IRC Section 72(t) imposes a 10% additional tax for distributions that don't meet an exception, such as death, disability or attainment of age 59 ½, among others. To avoid this additional tax, correct excess deferrals no later than April 15 of the following year. If you don't correct by April 15, you may still correct this mistake under EPCRS; however, it won’t relieve any Section 72(t) tax resulting from the mistake.

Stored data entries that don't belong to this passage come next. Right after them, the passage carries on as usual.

(* Let $G$ and $H$ be connected graphs with $\partial(G)=\sigma(G)$ and $\partial(H)=\sigma(H)$. Then $$dim_s(G\square H)=\min\{|\partial(G)|(|\partial(H)|-1),\ |\partial(H)|(|\partial(G)|-1)\}.$$
   Context: Graphs are finite, simple, undirected; $d_G$ is the shortest-path distance. A vertex is simplicial if its neighbors induce a complete graph; $\sigma(G)$ is the set of simplicial vertices. A vertex $u$ is maximally distant from $v$ if $d_G(v,w)\le d_G(u,v)$ for every neighbor $w$ of $u$; distinct $u,v$ are mutually maximally distant if each is maximally distant from the other; the boundary $\partial(G)$ is the set of vertices mutually maximally distant with some vertex. $I_G[u,v]$ is the set of vertices on some shortest $u$–$v$ path; $w$ strongly resolves $u,v$ if $v\in I_G[u,w]$ or $u\in I_G[v,w]$; $dim_s(G)$ is the minimum size of a set $S\subseteq V(G)$ such that every pair of vertices is strongly resolved by some vertex of $S$. $G\square H$ is the Cartesian product: vertex set $V(G)\times V(H)$, $(a,b)\sim(c,d)$ iff ($a=c$ and $bd\in E(H)$) or ($b=d$ and $ac\in E(G)$). *)

theory Defs
  imports Main
begin

record 'a graph =
  verts :: "'a set"
  adj :: "'a \<Rightarrow> 'a \<Rightarrow> bool"

definition graph :: "'a graph \<Rightarrow> bool" where
  "graph G \<longleftrightarrow> finite (verts G) \<and> verts G \<noteq> {} \<and>
     (\<forall>u v. adj G u v \<longrightarrow> u \<in> verts G \<and> v \<in> verts G) \<and>
     (\<forall>u v. adj G u v \<longrightarrow> adj G v u) \<and> (\<forall>u. \<not> adj G u u)"

fun walk :: "'a graph \<Rightarrow> 'a list \<Rightarrow> bool" where
  "walk G [] = False"
| "walk G [v] = (v \<in> verts G)"
| "walk G (u # v # vs) = (adj G u v \<and> walk G (v # vs))"

definition connected :: "'a graph \<Rightarrow> bool" where
  "connected G \<longleftrightarrow> (\<forall>u\<in>verts G. \<forall>v\<in>verts G.
     \<exists>p. walk G p \<and> hd p = u \<and> last p = v)"

definition gdist :: "'a graph \<Rightarrow> 'a \<Rightarrow> 'a \<Rightarrow> nat" where
  "gdist G u v = (LEAST n. \<exists>p. walk G p \<and> hd p = u \<and> last p = v \<and> length p = Suc n)"

definition nbrs :: "'a graph \<Rightarrow> 'a \<Rightarrow> 'a set" where
  "nbrs G v = {w. adj G v w}"

definition simplicial :: "'a graph \<Rightarrow> 'a \<Rightarrow> bool" where
  "simplicial G v \<longleftrightarrow> v \<in> verts G \<and>
     (\<forall>x\<in>nbrs G v. \<forall>y\<in>nbrs G v. x \<noteq> y \<longrightarrow> adj G x y)"

definition simplicial_set :: "'a graph \<Rightarrow> 'a set" where
  "simplicial_set G = {v\<in>verts G. simplicial G v}"

definition max_distant :: "'a graph \<Rightarrow> 'a \<Rightarrow> 'a \<Rightarrow> bool" where
  "max_distant G u v \<longleftrightarrow> (\<forall>w\<in>nbrs G u. gdist G v w \<le> gdist G u v)"

definition mutually_max_distant :: "'a graph \<Rightarrow> 'a \<Rightarrow> 'a \<Rightarrow> bool" where
  "mutually_max_distant G u v \<longleftrightarrow> u \<noteq> v \<and> max_distant G u v \<and> max_distant G v u"

definition boundary :: "'a graph \<Rightarrow> 'a set" where
  "boundary G = {u\<in>verts G. \<exists>v\<in>verts G. mutually_max_distant G u v}"

definition interval :: "'a graph \<Rightarrow> 'a \<Rightarrow> 'a \<Rightarrow> 'a set" where
  "interval G u v = {w\<in>verts G. gdist G u w + gdist G w v = gdist G u v}"

definition strongly_resolves :: "'a graph \<Rightarrow> 'a \<Rightarrow> 'a \<Rightarrow> 'a \<Rightarrow> bool" where
  "strongly_resolves G w u v \<longleftrightarrow> v \<in> interval G u w \<or> u \<in> interval G v w"

definition strong_resolving_set :: "'a graph \<Rightarrow> 'a set \<Rightarrow> bool" where
  "strong_resolving_set G S \<longleftrightarrow> S \<subseteq> verts G \<and>
     (\<forall>u\<in>verts G. \<forall>v\<in>verts G. u \<noteq> v \<longrightarrow> (\<exists>w\<in>S. strongly_resolves G w u v))"

definition strong_metric_dim :: "'a graph \<Rightarrow> nat" where
  "strong_metric_dim G = (LEAST k. \<exists>S. strong_resolving_set G S \<and> card S = k)"

definition cart_prod :: "'a graph \<Rightarrow> 'b graph \<Rightarrow> ('a \<times> 'b) graph" where
  "cart_prod G H = \<lparr> verts = verts G \<times> verts H,
     adj = (\<lambda>(a, b) (c, d). (a = c \<and> a \<in> verts G \<and> adj H b d) \<or> (b = d \<and> b \<in> verts H \<and> adj G a c)) \<rparr>"

end

theory Submission
  imports Defs
begin

text \<open>A pair of vertices has to be strongly resolved only if it is mutually maximally distant,
  and such a pair is resolved only by its own members; so the strong resolving sets are exactly the
  vertex covers of the mutually-maximally-distant pairs. In the Cartesian product distances add up,
  hence \<open>(a, b)\<close> and \<open>(c, d)\<close> are mutually maximally distant iff \<open>a, c\<close> and \<open>b, d\<close> are; when
  the boundary consists of simplicial vertices, any two distinct boundary vertices are mutually
  maximally distant. So one must cover all pairs of cells of the grid \<open>\<partial>G \<times> \<partial>H\<close> in different
  rows and different columns. The uncovered cells pairwise share a row or column, hence lie in a
  single line, and deleting a longest line is optimal.\<close>

lemma adj_in_verts:
  assumes "graph G" and "adj G u v"
  shows "u \<in> verts G" and "v \<in> verts G"
  using assms by (auto simp: graph_def)

lemma adj_sym: "graph G \<Longrightarrow> adj G u v \<Longrightarrow> adj G v u"
  by (simp add: graph_def)

lemma walk_not_Nil: "walk G p \<Longrightarrow> p \<noteq> []"
  by (cases p) auto

lemma walk_append_iff:
  assumes "graph G" and "p \<noteq> []" and "q \<noteq> []"
  shows "walk G (p @ q) \<longleftrightarrow> walk G p \<and> walk G q \<and> adj G (last p) (hd q)"
  using assms(2)
proof (induction p rule: list_nonempty_induct)
  case (single a)
  then show ?case using assms(1,3) by (cases q) (auto simp: graph_def)
next
  case (cons a p)
  then show ?case by (cases p) auto
qed

lemma walk_snoc: "graph G \<Longrightarrow> walk G p \<Longrightarrow> adj G (last p) w \<Longrightarrow> walk G (p @ [w])"
  using walk_append_iff[of G p "[w]"] walk_not_Nil[of G p] adj_in_verts by fastforce

lemma walk_rev: "graph G \<Longrightarrow> walk G p \<Longrightarrow> walk G (rev p)"
proof (induction G p rule: walk.induct)
  case (3 G u v vs)
  then have "walk G (rev (v # vs))" "adj G (last (rev (v # vs))) u" "u \<in> verts G"
    using adj_sym adj_in_verts by auto
  then show ?case using walk_append_iff[of G "rev (v # vs)" "[u]"] 3 by simp
qed auto

lemma lipschitz_along_walk:
  assumes "walk G p" and "\<And>v w. adj G v w \<Longrightarrow> f w \<le> f v + (1::nat)"
  shows "f (last p) \<le> f (hd p) + (length p - 1)"
  using assms
proof (induction G p rule: walk.induct)
  case (3 G u v vs)
  then have "f (last (v # vs)) \<le> f v + length vs" and "f v \<le> f u + 1" by auto
  then show ?case by simp
qed auto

Under Revenue Procedure 2016-51, Appendix A, section .04, the permitted correction method is to distribute the excess deferral to the employee and to report the amount as taxable both in the year of deferral and in the year distributed. These amounts are reported on Forms 1099-R. In the case of amounts designated as Roth contributions, the excess deferral will already have been reported in income in the year of deferral. However, the amount will be reported as taxable in the year distributed.

Example:
Employer X maintains a 401(k) plan that has 21 participants and plan assets of $715,000. For calendar year 2017, Ann deferred $18,500 to the plan. None of the elective deferrals were designated as Roth contributions. Ann is under age 50 and isn't eligible to make catch-up contributions. Ann has excess deferrals of $500 because $18,000 is the 402(g) maximum amount permitted for 2017. Employer X didn't discover this mistake until after April 15, 2018. On November 1, 2018, X distributed the excess deferral (plus earnings of $10, totaling $510) to Ann.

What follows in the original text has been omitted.